Source material:
*** Begin section ***

lemmas rho_add = rho_linear[THEN linear_map_add]
lemmas rho_diff = rho_linear[THEN linear_map_diff]
lemmas rho_scale = rho_linear[THEN linear_map_scale]

lemma rho_compat:
  "\<rho> c d (\<rho> a b w) - \<rho> b d (\<rho> a c w) - \<rho> a (br b c d) w + rep_D \<rho> b c (\<rho> a d w) = 0"
  "\<rho> (br a b c) d w + \<rho> c (br a b d) w = rep_D \<rho> a b (\<rho> c d w) - \<rho> c d (rep_D \<rho> a b w)"
  using rep by (simp_all add: lts_representation_def)

lemma rho_br_right:
  "\<rho> a (br b c d) w = \<rho> c d (\<rho> a b w) - \<rho> b d (\<rho> a c w) + rep_D \<rho> b c (\<rho> a d w)"
  using rho_compat(1)[of c d a b w] by (simp add: algebra_simps)

lemma br_antisym: "br x y z = - br y x z"
proof -
  have "0 = br (x + y) (x + y) z" by (rule br_self[symmetric])
  also have "\<dots> = br x y z + br y x z"
    by (simp only: br_add br_self[of x] br_self[of y] add_0_left add_0_right add.commute)
  finally show ?thesis by (simp add: eq_neg_iff_add_eq_0)
qed

lemma br_rotate: "br y z x = br x z y - br x y z"
proof -
  have "br y z x = (br x y z + br y z x + br z x y) - br x y z - br z x y"
    by (simp add: algebra_simps)
  also have "\<dots> = - br x y z - br z x y"
    by (simp only: br_cyclic diff_0)
  also have "\<dots> = br x z y - br x y z"
    by (simp add: br_antisym[of z x y])
  finally show ?thesis .
qed

lemma rep_D_add:
  "rep_D \<rho> a b (u + v) = rep_D \<rho> a b u + rep_D \<rho> a b v"
  "rep_D \<rho> (a + a') b u = rep_D \<rho> a b u + rep_D \<rho> a' b u"
  "rep_D \<rho> a (b + b') u = rep_D \<rho> a b u + rep_D \<rho> a b' u"
  by (simp_all add: rep_D_def rho_add algebra_simps)

lemma rep_D_diff:
  "rep_D \<rho> a b (u - v) = rep_D \<rho> a b u - rep_D \<rho> a b v"
  "rep_D \<rho> (a - a') b u = rep_D \<rho> a b u - rep_D \<rho> a' b u"
  "rep_D \<rho> a (b - b') u = rep_D \<rho> a b u - rep_D \<rho> a b' u"
  by (simp_all add: rep_D_def rho_diff algebra_simps)

lemma rep_D_scale:
  "rep_D \<rho> a b (sv k u) = sv k (rep_D \<rho> a b u)"
  "rep_D \<rho> (sg k a) b u = sv k (rep_D \<rho> a b u)"
  "rep_D \<rho> a (sg k b) u = sv k (rep_D \<rho> a b u)"
  by (simp_all add: rep_D_def rho_scale V_scale_diff)

lemma rep_D_rho:
  "rep_D \<rho> a b (\<rho> c d w) = \<rho> c d (rep_D \<rho> a b w) + \<rho> (br a b c) d w + \<rho> c (br a b d) w"
  using rho_compat(2)[of a b c d w] by (simp add: algebra_simps)

lemma rep_D_rep_D:
  "rep_D \<rho> x y (rep_D \<rho> z w u) =
     rep_D \<rho> (br x y z) w u + rep_D \<rho> z (br x y w) u + rep_D \<rho> z w (rep_D \<rho> x y u)"
proof -
  have "rep_D \<rho> x y (rep_D \<rho> z w u) = rep_D \<rho> x y (\<rho> w z u) - rep_D \<rho> x y (\<rho> z w u)"
    by (simp add: rep_D_def[of \<rho> z w] rep_D_diff)
  also have "\<dots> = (\<rho> w z (rep_D \<rho> x y u) + \<rho> (br x y w) z u + \<rho> w (br x y z) u)
     - (\<rho> z w (rep_D \<rho> x y u) + \<rho> (br x y z) w u + \<rho> z (br x y w) u)"
    by (simp add: rep_D_rho)
  also have "\<dots> = rep_D \<rho> (br x y z) w u + rep_D \<rho> z (br x y w) u + rep_D \<rho> z w (rep_D \<rho> x y u)"
    by (simp add: rep_D_def algebra_simps)
  finally show ?thesis .
qed

definition semidirect_bracket :: "'g \<times> 'v \<Rightarrow> 'g \<times> 'v \<Rightarrow> 'g \<times> 'v \<Rightarrow> 'g \<times> 'v" where
  "semidirect_bracket X Y Z =
     (br (fst X) (fst Y) (fst Z),
      rep_D \<rho> (fst X) (fst Y) (snd Z) + \<rho> (fst Y) (fst Z) (snd X) - \<rho> (fst X) (fst Z) (snd Y))"

lemma semidirect_bracket_fundamental:
  "semidirect_bracket X Y (semidirect_bracket Z W U) =
     semidirect_bracket (semidirect_bracket X Y Z) W U + semidirect_bracket Z (semidirect_bracket X Y W) U
     + semidirect_bracket Z W (semidirect_bracket X Y U)"
  by (simp add: prod_eq_iff semidirect_bracket_def br_fundamental[of "fst X" "fst Y" "fst Z"]
      rho_add(1) rho_diff(1) rep_D_add(1) rep_D_diff(1) rho_br_right[of "fst X"] rho_br_right[of "fst Y"]
      rep_D_rho[of "fst X" "fst Y"] rep_D_rep_D[of "fst X" "fst Y" "fst Z" "fst W"] algebra_simps)

lemma semidirect_bracket_antisym: "semidirect_bracket X Y Z = - semidirect_bracket Y X Z"
  by (simp add: semidirect_bracket_def br_antisym[of "fst X"] rep_D_def algebra_simps)

lemma semidirect_bracket_rotate:
  "semidirect_bracket Y Z X = semidirect_bracket X Z Y - semidirect_bracket X Y Z"
  by (simp add: prod_eq_iff semidirect_bracket_def br_rotate[of "fst Y" "fst Z" "fst X"] rep_D_def algebra_simps)

end

locale relative_rota_baxter = lts_with_rep sg sv br \<rho>
  for sg :: "'k::field \<Rightarrow> 'g \<Rightarrow> 'g::ab_group_add" and sv :: "'k \<Rightarrow> 'v \<Rightarrow> 'v::ab_group_add"
    and br \<rho> +
  fixes T :: "'v \<Rightarrow> 'g"
  assumes relative_RB: "relative_RB sg br sv \<rho> T"
begin

abbreviation br\<^sub>T :: "'v \<Rightarrow> 'v \<Rightarrow> 'v \<Rightarrow> 'v" where
  "br\<^sub>T \<equiv> induced_bracket \<rho> T"

abbreviation \<rho>\<^sub>T :: "'v \<Rightarrow> 'v \<Rightarrow> 'g \<Rightarrow> 'g" where
  "\<rho>\<^sub>T \<equiv> induced_rep br \<rho> T"

lemma T_linear: "Vector_Spaces.linear sv sg T"
  using relative_RB by (simp add: relative_RB_def)

lemmas T_add = T_linear[THEN linear_map_add]
lemmas T_diff = T_linear[THEN linear_map_diff]
lemmas T_minus = T_linear[THEN linear_map_minus]
lemmas T_scale = T_linear[THEN linear_map_scale]

lemma br_T: "br (T u) (T v) (T w) = T (br\<^sub>T u v w)"
  using relative_RB by (simp add: relative_RB_def induced_bracket_def)

definition graph_embed :: "'v \<Rightarrow> 'g \<times> 'v" where
  "graph_embed u = (T u, u)"

definition graph_quotient :: "'g \<times> 'v \<Rightarrow> 'g" where
  "graph_quotient X = fst X - T (snd X)"

lemma semidirect_bracket_graph:
  "semidirect_bracket (graph_embed u) (graph_embed v) (graph_embed w) = graph_embed (br\<^sub>T u v w)"
  by (simp add: semidirect_bracket_def graph_embed_def induced_bracket_def br_T)

lemma induced_bracket_fundamental:
  "br\<^sub>T u v (br\<^sub>T w s t) = br\<^sub>T (br\<^sub>T u v w) s t + br\<^sub>T w (br\<^sub>T u v s) t + br\<^sub>T w s (br\<^sub>T u v t)"
proof -
  have "graph_embed (br\<^sub>T u v (br\<^sub>T w s t)) = graph_embed (br\<^sub>T (br\<^sub>T u v w) s t)
      + graph_embed (br\<^sub>T w (br\<^sub>T u v s) t) + graph_embed (br\<^sub>T w s (br\<^sub>T u v t))"
    using semidirect_bracket_fundamental[of "graph_embed u" "graph_embed v" "graph_embed w"
        "graph_embed s" "graph_embed t"]
    by (simp only: semidirect_bracket_graph)
  then show ?thesis
    by (simp add: graph_embed_def)
qed

lemma induced_bracket_linear:
  "Vector_Spaces.linear sv sv (\<lambda>u. br\<^sub>T u v w)"
  "Vector_Spaces.linear sv sv (\<lambda>v. br\<^sub>T u v w)"
  "Vector_Spaces.linear sv sv (\<lambda>w. br\<^sub>T u v w)"
  by (intro linear_mapI vector_space_V;
      simp add: induced_bracket_def T_add T_scale rep_D_add rep_D_scale rho_add rho_scale
        V_scale_add V_scale_diff algebra_simps)+

lemma induced_bracket_lie_triple_system: "lie_triple_system sv br\<^sub>T"
  unfolding lie_triple_system_def trilinear_def
proof (intro conjI allI vector_space_V induced_bracket_linear induced_bracket_fundamental)
  show "br\<^sub>T u u w = 0" for u w
    by (simp add: induced_bracket_def rep_D_def)
  show "br\<^sub>T u v w + br\<^sub>T v w u + br\<^sub>T w u v = 0" for u v w
    by (simp add: induced_bracket_def rep_D_def algebra_simps)
qed

lemma induced_rep_linear:
  "Vector_Spaces.linear sg sg (\<rho>\<^sub>T u v)"
  "Vector_Spaces.linear sv sg (\<lambda>u. \<rho>\<^sub>T u v x)"
  "Vector_Spaces.linear sv sg (\<lambda>v. \<rho>\<^sub>T u v x)"
  by (intro linear_mapI vector_space_V vector_space_g;
      simp add: induced_rep_def br_add br_scale T_add T_diff T_scale rep_D_add rep_D_scale
        rho_add rho_scale g_scale_add g_scale_diff V_scale_add V_scale_diff algebra_simps)+

lemmas induced_rep_diff = induced_rep_linear(1)[THEN linear_map_diff]

lemma induced_rep_T: "\<rho>\<^sub>T u v (T a) = T (\<rho> (T u) (T v) a)"
  by (simp add: induced_rep_def br_T induced_bracket_def T_add T_diff rep_D_def algebra_simps)

lemma graph_quotient_add: "graph_quotient (X + Y) = graph_quotient X + graph_quotient Y"
  by (simp add: graph_quotient_def T_add algebra_simps)

lemma graph_quotient_diff: "graph_quotient (X - Y) = graph_quotient X - graph_quotient Y"
  by (simp add: graph_quotient_def T_diff algebra_simps)

lemma graph_quotient_minus: "graph_quotient (- X) = - graph_quotient X"
  by (simp add: graph_quotient_def T_minus)

lemma graph_quotient_Pair_0: "graph_quotient (x, 0) = x"
  by (simp add: graph_quotient_def linear_map_zero[OF T_linear])

lemma graph_quotient_semidirect_bracket_right:
  "graph_quotient (semidirect_bracket X (graph_embed u) (graph_embed v)) = \<rho>\<^sub>T u v (graph_quotient X)"
proof -
  have "graph_quotient (semidirect_bracket X (graph_embed u) (graph_embed v))
      = \<rho>\<^sub>T u v (fst X) - T (\<rho> (T u) (T v) (snd X))"
    by (simp add: graph_quotient_def semidirect_bracket_def graph_embed_def induced_rep_def
        T_add T_diff algebra_simps)
  also have "\<dots> = \<rho>\<^sub>T u v (graph_quotient X)"
    by (simp add: graph_quotient_def induced_rep_diff induced_rep_T)
  finally show ?thesis .
qed

lemma graph_quotient_semidirect_bracket_left:
  "graph_quotient (semidirect_bracket (graph_embed u) (graph_embed v) Y) = rep_D \<rho>\<^sub>T u v (graph_quotient Y)"
  by (simp add: semidirect_bracket_rotate[of "graph_embed u" "graph_embed v" Y] graph_quotient_diff
      graph_quotient_semidirect_bracket_right rep_D_def)

lemma graph_quotient_semidirect_bracket_mid:
  "graph_quotient (semidirect_bracket (graph_embed u) Y (graph_embed v)) = - \<rho>\<^sub>T u v (graph_quotient Y)"
  by (simp add: semidirect_bracket_antisym[of "graph_embed u" Y] graph_quotient_minus
      graph_quotient_semidirect_bracket_right)

lemmas graph_quotient_simps = graph_quotient_add graph_quotient_Pair_0 semidirect_bracket_graph
  graph_quotient_semidirect_bracket_right graph_quotient_semidirect_bracket_mid
  graph_quotient_semidirect_bracket_left

lemma induced_rep_induced_bracket_right:
  "\<rho>\<^sub>T a (br\<^sub>T b c d) x = \<rho>\<^sub>T c d (\<rho>\<^sub>T a b x) - \<rho>\<^sub>T b d (\<rho>\<^sub>T a c x) + rep_D \<rho>\<^sub>T b c (\<rho>\<^sub>T a d x)"
  using arg_cong[OF semidirect_bracket_fundamental[of "(x, 0)" "graph_embed a" "graph_embed b"
      "graph_embed c" "graph_embed d"], of graph_quotient]
  by (simp add: graph_quotient_simps)

lemma rep_D_induced_rep:
  "rep_D \<rho>\<^sub>T a b (\<rho>\<^sub>T c d x) = \<rho>\<^sub>T c d (rep_D \<rho>\<^sub>T a b x) + \<rho>\<^sub>T (br\<^sub>T a b c) d x + \<rho>\<^sub>T c (br\<^sub>T a b d) x"
  using arg_cong[OF semidirect_bracket_fundamental[of "graph_embed a" "graph_embed b" "(x, 0)"
      "graph_embed c" "graph_embed d"], of graph_quotient]
  by (simp add: graph_quotient_simps)

lemma induced_rep_representation: "lts_representation sv br\<^sub>T sg \<rho>\<^sub>T"
  unfolding lts_representation_def
proof (intro conjI allI vector_space_g induced_rep_linear)
  show "\<rho>\<^sub>T c d (\<rho>\<^sub>T a b x) - \<rho>\<^sub>T b d (\<rho>\<^sub>T a c x) - \<rho>\<^sub>T a (br\<^sub>T b c d) x
      + rep_D \<rho>\<^sub>T b c (\<rho>\<^sub>T a d x) = 0" for a b c d x
    by (simp add: induced_rep_induced_bracket_right)
  show "\<rho>\<^sub>T (br\<^sub>T a b c) d x + \<rho>\<^sub>T c (br\<^sub>T a b d) x
      = rep_D \<rho>\<^sub>T a b (\<rho>\<^sub>T c d x) - \<rho>\<^sub>T c d (rep_D \<rho>\<^sub>T a b x)" for a b c d x
    by (simp add: rep_D_induced_rep)
qed

end

theorem corollary5p15:
  fixes sg :: "'k::field_char_0 \<Rightarrow> 'g \<Rightarrow> 'g::ab_group_add"
    and sv :: "'k \<Rightarrow> 'v \<Rightarrow> 'v::ab_group_add"
    and br :: "'g \<Rightarrow> 'g \<Rightarrow> 'g \<Rightarrow> 'g"
    and \<rho> :: "'g \<Rightarrow> 'g \<Rightarrow> 'v \<Rightarrow> 'v"
    and T :: "'v \<Rightarrow> 'g"
  assumes "lie_triple_system sg br"
    and "lts_representation sg br sv \<rho>"
    and "relative_RB sg br sv \<rho> T"
  shows "lie_triple_system sv (induced_bracket \<rho> T)
     \<and> lts_representation sv (induced_bracket \<rho> T) sg (induced_rep br \<rho> T)"
proof -
  interpret relative_rota_baxter sg sv br \<rho> T
    using assms by unfold_locales
  show ?thesis
    using induced_bracket_lie_triple_system induced_rep_representation ..
qed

*** End section ***

Exercise prompt:
What you give back must be the stretch above, starting at the line with "t) = br\<^sub>T" and ending at the line with "sv sv (\<lambda>w.", copied exactly.

Answer space:
  "br\<^sub>T u v (br\<^sub>T w s t) = br\<^sub>T (br\<^sub>T u v w) s t + br\<^sub>T w (br\<^sub>T u v s) t + br\<^sub>T w s (br\<^sub>T u v t)"
proof -
  have "graph_embed (br\<^sub>T u v (br\<^sub>T w s t)) = graph_embed (br\<^sub>T (br\<^sub>T u v w) s t)
      + graph_embed (br\<^sub>T w (br\<^sub>T u v s) t) + graph_embed (br\<^sub>T w s (br\<^sub>T u v t))"
    using semidirect_bracket_fundamental[of "graph_embed u" "graph_embed v" "graph_embed w"
        "graph_embed s" "graph_embed t"]
    by (simp only: semidirect_bracket_graph)
  then show ?thesis
    by (simp add: graph_embed_def)
qed

lemma induced_bracket_linear:
  "Vector_Spaces.linear sv sv (\<lambda>u. br\<^sub>T u v w)"
  "Vector_Spaces.linear sv sv (\<lambda>v. br\<^sub>T u v w)"
  "Vector_Spaces.linear sv sv (\<lambda>w. br\<^sub>T u v w)"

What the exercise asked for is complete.